Apple sembra pronta a rivoluzionare ancora una volta il mondo degli smartwatch. Secondo un nuovo report basato su codice interno per sviluppatori, l’azienda di Cupertino starebbe lavorando all’integrazione del Touch ID sugli Apple Watch, una funzionalità che potrebbe debuttare non prima del 2026. Se le indiscrezioni si riveleranno corrette, il primo modello a beneficiarne potrebbe essere l’Apple Watch Ultra 4, atteso per il prossimo anno.
Il riferimento trovato nel codice utilizza il nome “AppleMesa”, che da tempo è il termine interno con cui Apple indica il sistema di riconoscimento tramite impronta digitale. Questo lascia intendere che il progetto sia già in fase di sviluppo, anche se ancora a livello prototipale. Per questo motivo, gli orologi che usciranno nel corso del 2025 non saranno dotati di questa novità.
Resta da capire dove Apple posizionerà il sensore di impronte. Guardando al mondo degli smartphone, le ipotesi più concrete sono due: un sensore ottico integrato nel display oppure un sensore fisico inserito nel pulsante laterale. Entrambe le soluzioni avrebbero pro e contro, ma l’adozione di un sistema sotto lo schermo permetterebbe di mantenere il design pulito che contraddistingue l’Apple Watch, mentre l’opzione sul tasto laterale risulterebbe più semplice da implementare e potenzialmente più affidabile.

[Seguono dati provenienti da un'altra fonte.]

(* Let the Cholesky factorization of $\bm K_X$ be $\bm K_X=\bm L_X \bm L_X^T$, where $\bm L_X\in \mathbb R^{n\times d}$ ($d\le n$) is a full column-rank matrix, and let $r\le d$. Consider the Equalized-Opportunity fair representation problem $$\sup_{\bm f \in \mathcal A_r} \left\{(1-\lambda)\frac{1}{n^2}\left\|\bm \Theta \bm K_{X} \bm H \bm L_{Y} \right\|^2_F -\lambda\, \frac{1}{n_0^2}\left\|\bm \Theta \bm K_{X}[Y=y_0] \bm H \bm L_{S_0} \right\|^2_F\right\}, \quad 0\le \lambda<1.$$ Then a solution to this problem is $$\bm f^{\text{opt}}(X) = \bm \Theta^{\text{opt}} \left[k_X(\bm x_1, X),\cdots, k_X(\bm x_n, X)\right]^T$$ where $\bm \Theta^{\text{opt}}=\bm U^T \bm L_X^\dagger$ and the columns of $\bm U$ are eigenvectors corresponding to the $r$ largest eigenvalues of the generalized eigenvalue problem $$\left( (1-\lambda) \frac{1}{n^2} \bm L_{X}^T \bm H \bm K_{Y} \bm H \bm L_{X} -\lambda \frac{1}{n_0^2} \bm L_{X}[Y=y_0]^T \bm H \bm K_{S}[Y=y_0] \bm H \bm L_{X}[Y=y_0] \right) \bm u = \tau \left(\frac{1}{n}\,\bm L^T_X \bm H \bm L_X + \gamma \bm I\right) \bm u.$$
   Context: Setting: $n$ samples $\bm x_1,\dots,\bm x_n$ of data $X$ with target label $Y$ and sensitive attribute $S$. The encoder $\bm f=(f_1,\dots,f_r)$ has components in a universal RKHS $\mathcal H_X$ with kernel $k_X$ and Gram matrix $\bm K_X$, parametrized (representer theorem) as $\bm f(X)=\bm\Theta[k_X(\bm x_1,X),\dots,k_X(\bm x_n,X)]^T$ with $\bm\Theta\in\mathbb R^{r\times n}$. The constraint set is $\mathcal A_r:=\{(f_1,\cdots, f_r) \mid f_i, f_j\in \mathcal H_{X},\, \mathrm{Cov} (f_i(X), f_j(X) )+\gamma\, \langle f_i, f_j\rangle_{\mathcal H_{X}}=\delta_{i,j}\}$, $\gamma>0$. $\bm H = \bm I_n-\frac{1}{n} \bm 1_n \bm 1_n^T$ is the centering matrix; $\bm K_Y=\bm L_Y\bm L_Y^T$ is the Gram matrix of a kernel on $Y$. For Equalized Opportunity, conditioning is on the single label value $Y=y_0$ (the positive class): $n_0$ is the number of samples with $Y=y_0$, $\bm K_X[Y=y_0]$ and $\bm L_X[Y=y_0]$ denote the corresponding rows of $\bm K_X$ and $\bm L_X$ restricted to those samples, $\bm K_S[Y=y_0]=\bm K_{S_0}=\bm L_{S_0}\bm L_{S_0}^T$ is the Gram matrix of a kernel on $S$ over those samples. The two terms are the empirical estimates of $\mathrm{Dep}(\bm f(X),Y)$ and $\mathrm{Dep}(\bm f(X),S\mid Y=y_0)$. $\dagger$ denotes the pseudo-inverse and $\tau$ the generalized eigenvalue. *)

theory Defs
  imports "Jordan_Normal_Form.Matrix"
begin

A rendere ancora più credibili queste voci c’è il fatto che, proprio la scorsa settimana, era trapelato un altro rumor secondo cui la gamma Apple Watch riceverà un grande restyling nel 2026. Un design rinnovato potrebbe quindi includere anche un ripensamento della disposizione dei pulsanti e degli spazi, ideale per accogliere un sensore biometrico. Inoltre, sempre secondo indiscrezioni, la nuova generazione potrebbe introdurre un processore aggiornato, capace di garantire prestazioni migliori e maggiore efficienza energetica.
L’arrivo del Touch ID su Apple Watch non sarebbe soltanto una novità estetica o di comodità, ma avrebbe anche importanti implicazioni per la sicurezza. Attualmente, gli smartwatch di Apple si affidano al codice PIN e al blocco automatico quando vengono rimossi dal polso. L’introduzione di un sistema di riconoscimento biometrico permetterebbe di rafforzare la protezione dei dati personali, soprattutto considerando l’aumento delle funzioni legate ai pagamenti contactless tramite Apple Pay e alla gestione di dati sanitari sensibili.
Naturalmente, come accade con tutte le indiscrezioni, bisogna prendere queste informazioni con cautela. Non è la prima volta che si parla di nuove tecnologie per l’Apple Watch che poi non sono arrivate sul mercato. Tuttavia, la combinazione di un nuovo design, di un processore migliorato e dell’integrazione del Touch ID potrebbe rappresentare il passo evolutivo più importante degli ultimi anni per la linea di smartwatch di Cupertino.